(* Let $a,b\in(0,1]$ and $F(x)=F(a,b;a+b;x)$ for $|x|<1$. Then $1/F(x)$ is concave on $(0,1)$. In particular, $$F\Big(\frac{x+y}{2}\Big)\le\frac{2F(x)F(y)}{F(x)+F(y)}$$ for all $x,y\in(0,1)$, with equality if and only if $x=y$.
   Context: $F(a,b;c;x)=\sum_{n=0}^\infty\frac{(a,n)(b,n)}{(c,n)\,n!}x^n$ for $|x|<1$ is the Gaussian hypergeometric function, where $(a,0)=1$ and $(a,n)=a(a+1)\cdots(a+n-1)$ for $n\ge1$. *)

theory Defs
  imports "HOL-Analysis.Analysis"
begin

definition hyp2f1 :: "real \<Rightarrow> real \<Rightarrow> real \<Rightarrow> real \<Rightarrow> real" where
  "hyp2f1 a b c x = (\<Sum>n. pochhammer a n * pochhammer b n / (pochhammer c n * fact n) * x ^ n)"

end

theory Submission
  imports Defs
begin

text \<open>Euler's integral writes \<open>B(b,a) F(a,b;a+b;z)\<close> as \<open>\<integral>\<^sub>0\<^sup>1 w(t) (1 - zt)\<^sup>-\<^sup>a dt\<close> with the
  Beta weight \<open>w(t) = t\<^sup>b\<^sup>-\<^sup>1 (1 - t)\<^sup>a\<^sup>-\<^sup>1\<close>. For \<open>z = mx + ny\<close> we have \<open>1 - zt = m(1 - xt) + n(1 - yt)\<close>,
  so concavity of \<open>s \<mapsto> s\<^sup>a\<close> (here \<open>a \<le> 1\<close> is used) bounds the kernel \<open>(1 - zt)\<^sup>-\<^sup>a\<close> pointwise by
  the weighted harmonic mean \<open>H(p, q) = (m/p + n/q)\<^sup>-\<^sup>1\<close> of the kernels at \<open>x\<close> and \<open>y\<close>. Since \<open>H\<close> is
  concave and homogeneous of degree one, Jensen's inequality (via its tangent plane) moves \<open>H\<close> outside
  the integral, which gives \<open>F(mx + ny) \<le> H(F(x), F(y))\<close>, i.e. concavity of \<open>1/F\<close>. The Jensen defect
  vanishes only if the two kernels are proportional, which is impossible for \<open>x \<noteq> y\<close>; this gives
  the equality case.\<close>

definition beta_weight :: "real \<Rightarrow> real \<Rightarrow> real \<Rightarrow> real" where
  "beta_weight p q t = t powr (p - 1) * (1 - t) powr (q - 1)"

definition euler_integral :: "real \<Rightarrow> real \<Rightarrow> real \<Rightarrow> real \<Rightarrow> real" where
  "euler_integral a b c z = integral {0..1} (\<lambda>t. beta_weight b (c - b) t * (1 - z * t) powr (- a))"

lemma beta_weight_nonneg: "0 \<le> beta_weight p q t"
  unfolding beta_weight_def by simp

lemma has_integral_beta_weight:
  "0 < p \<Longrightarrow> 0 < q \<Longrightarrow> (beta_weight p q has_integral Beta p q) {0..1}"
  unfolding beta_weight_def[abs_def] by (rule has_integral_Beta_real)

lemma Beta_real_pos: "0 < a \<Longrightarrow> 0 < b \<Longrightarrow> 0 < Beta a (b::real)"
  unfolding Beta_def by auto

lemma Beta_add_nat:
  fixes b d :: real
  assumes "0 < b" "0 < d"
  shows "Beta (b + real n) d = Beta b d * pochhammer b n / pochhammer (b + d) n"
proof -
  have "b \<notin> \<int>\<^sub>\<le>\<^sub>0" "b + d \<notin> \<int>\<^sub>\<le>\<^sub>0"
    using assms by (auto elim!: nonpos_Ints_cases)
  then have "pochhammer b n = Gamma (b + real n) / Gamma b"
    and "pochhammer (b + d) n = Gamma (b + d + real n) / Gamma (b + d)"
    by (simp_all add: pochhammer_Gamma)
  moreover have "Gamma b > 0" "Gamma (b + d) > 0" "Gamma (b + real n) > 0"
    using assms by auto
  ultimately show ?thesis
    unfolding Beta_def by (simp add: field_simps)
qed

lemma has_integral_beta_weight_times_power:
  fixes p q :: real
  assumes "0 < p" "0 < q"
  shows "((\<lambda>t. beta_weight p q t * t ^ n) has_integral Beta (p + real n) q) {0..1}"
proof (rule has_integral_eq[rotated])
  show "(beta_weight (p + real n) q has_integral Beta (p + real n) q) {0..1}"
    using assms by (intro has_integral_beta_weight) auto
  have "t powr (p + real n - 1) = t powr (p - 1) * t ^ n" if "0 \<le> t" for t :: real
  proof (cases "t = 0")
    case False
    have "t powr (p + real n - 1) = t powr (p - 1) * t powr real n"
      by (simp add: powr_add[symmetric] algebra_simps)
    then show ?thesis
      using that False by (simp add: powr_realpow)
  qed (use assms in simp)
  then show "beta_weight (p + real n) q t = beta_weight p q t * t ^ n" if "t \<in> {0..1}" for t
    using that unfolding beta_weight_def by simp
qed

lemma pochhammer_binomial_series:
  fixes a x :: real
  assumes "\<bar>x\<bar> < 1"
  shows "(\<lambda>n. pochhammer a n / fact n * x ^ n) sums (1 - x) powr (- a)"
proof -
  have "((- a) gchoose n) * (- x) ^ n = pochhammer a n / fact n * x ^ n" for n
    by (simp add: gbinomial_pochhammer power_mult_distrib[symmetric] flip: power_minus)
  then show ?thesis
    using gen_binomial_real[of "- x" "- a"] assms by simp
qed

lemma nonneg_series_integrable_sums_integral:
  fixes f :: "nat \<Rightarrow> 'a::euclidean_space \<Rightarrow> real"
  assumes nonneg: "\<And>n x. x \<in> S \<Longrightarrow> 0 \<le> f n x"
    and f: "\<And>n. (f n has_integral I n) S"
    and g: "\<And>x. x \<in> S \<Longrightarrow> (\<lambda>n. f n x) sums g x"
    and h: "h integrable_on S" "\<And>x. x \<in> S \<Longrightarrow> g x \<le> h x"
  shows "g integrable_on S" and "I sums integral S g"
proof -
  define F where "F k x = (\<Sum>n<k. f n x)" for k x
  have F: "(F k has_integral (\<Sum>n<k. I n)) S" for k
    unfolding F_def by (intro has_integral_sum) (auto intro: f)
  have F_le_h: "F k x \<le> h x" if "x \<in> S" for k x
  proof -
    have "F k x \<le> g x"
      unfolding F_def using g[OF that] nonneg[OF that]
      by (metis sum_le_suminf sums_iff finite_lessThan)
    then show ?thesis
      using h(2)[OF that] by linarith
  qed
  have "bounded (range (\<lambda>k. integral S (F k)))"
    unfolding bounded_real
  proof (intro exI ballI)
    fix r assume "r \<in> range (\<lambda>k. integral S (F k))"
    then obtain k where r: "r = integral S (F k)"
      by auto
    have "0 \<le> integral S (F k)"
      using F[of k] nonneg by (intro integral_nonneg) (auto simp: F_def intro!: sum_nonneg)
    moreover have "integral S (F k) \<le> integral S h"
      using F[of k] h F_le_h by (intro integral_le) auto
    ultimately show "\<bar>r\<bar> \<le> integral S h"
      using r by simp
  qed
  moreover have "F k x \<le> F (Suc k) x" if "x \<in> S" for k x
    unfolding F_def using nonneg[OF that] by simp
  moreover have "(\<lambda>k. F k x) \<longlonglongrightarrow> g x" if "x \<in> S" for x
    using g[OF that] unfolding F_def sums_def .
  ultimately have "g integrable_on S \<and> (\<lambda>k. integral S (F k)) \<longlonglongrightarrow> integral S g"
    using has_integral_integrable[OF F] by (intro monotone_convergence_increasing) auto
  moreover have "integral S (F k) = (\<Sum>n<k. I n)" for k
    using F by (rule integral_unique)
  ultimately show "g integrable_on S" "I sums integral S g"
    unfolding sums_def by simp_all
qed

lemma hyp2f1_euler_integral:
  fixes a b c z :: real
  assumes a: "0 < a" and bc: "0 < b" "b < c" and z: "0 \<le> z" "z < 1"
  shows "(\<lambda>t. beta_weight b (c - b) t * (1 - z * t) powr (- a)) integrable_on {0..1}"
    and "hyp2f1 a b c z = euler_integral a b c z / Beta b (c - b)"
proof -
  define w where "w = beta_weight b (c - b)"
  define f where "f n t = w t * (pochhammer a n / fact n * (z * t) ^ n)" for n t
  define B where "B = Beta b (c - b)"
  have B: "0 < B"
    unfolding B_def using bc by (simp add: Beta_real_pos)
  have "(f n has_integral (pochhammer a n / fact n * z ^ n) * Beta (b + real n) (c - b)) {0..1}" for n
    using has_integral_mult_right[OF has_integral_beta_weight_times_power[of b "c - b" n],
                                  of "pochhammer a n / fact n * z ^ n"] bc
    unfolding f_def w_def by (simp add: power_mult_distrib mult_ac)
  moreover have "(pochhammer a n / fact n * z ^ n) * Beta (b + real n) (c - b)
      = B * (pochhammer a n * pochhammer b n / (pochhammer c n * fact n) * z ^ n)" for n
    using Beta_add_nat[of b "c - b" n] bc by (simp add: B_def mult_ac)
  ultimately have f_integral:
      "(f n has_integral B * (pochhammer a n * pochhammer b n / (pochhammer c n * fact n) * z ^ n)) {0..1}"
    for n
    by simp
  have zt: "0 \<le> z * t" "z * t \<le> z" if "t \<in> {0..1}" for t
    using that z by (auto intro: mult_left_le)
  have f_nonneg: "0 \<le> f n t" if "t \<in> {0..1}" for n t
    unfolding f_def w_def using zt[OF that] a beta_weight_nonneg by (simp add: pochhammer_nonneg)
  have f_sums: "(\<lambda>n. f n t) sums (w t * (1 - z * t) powr (- a))" if "t \<in> {0..1}" for t
    unfolding f_def using zt[OF that] z by (intro sums_mult pochhammer_binomial_series) auto
  have majorant: "(\<lambda>t. w t * (1 - z) powr (- a)) integrable_on {0..1}"
    unfolding w_def using has_integral_beta_weight[of b "c - b"] bc
    by (intro integrable_on_mult_left) (auto simp: has_integral_integrable)
  have le_majorant: "w t * (1 - z * t) powr (- a) \<le> w t * (1 - z) powr (- a)" if "t \<in> {0..1}" for t
    unfolding w_def using zt[OF that] z a beta_weight_nonneg by (intro mult_left_mono powr_mono2') auto
  note series_integral =
    nonneg_series_integrable_sums_integral[OF f_nonneg f_integral f_sums majorant le_majorant]
  then show "(\<lambda>t. beta_weight b (c - b) t * (1 - z * t) powr (- a)) integrable_on {0..1}"
    unfolding w_def by simp
  have "(\<lambda>n. pochhammer a n * pochhammer b n / (pochhammer c n * fact n) * z ^ n)
          sums (euler_integral a b c z / B)"
    using sums_divide[OF series_integral(2), of B] B unfolding euler_integral_def w_def by simp
  then show "hyp2f1 a b c z = euler_integral a b c z / Beta b (c - b)"
    unfolding hyp2f1_def B_def by (simp add: sums_iff)
qed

About this task: Your task is to transcribe, with no changes, only the lines of the listing above that lie between the line holding "using g[OF that] unfolding" and the line holding "using has_integral_integrable[OF F]", inclusive.

Task response:
    using g[OF that] unfolding F_def sums_def .
  ultimately have "g integrable_on S \<and> (\<lambda>k. integral S (F k)) \<longlonglongrightarrow> integral S g"
    using has_integral_integrable[OF F] by (intro monotone_convergence_increasing) auto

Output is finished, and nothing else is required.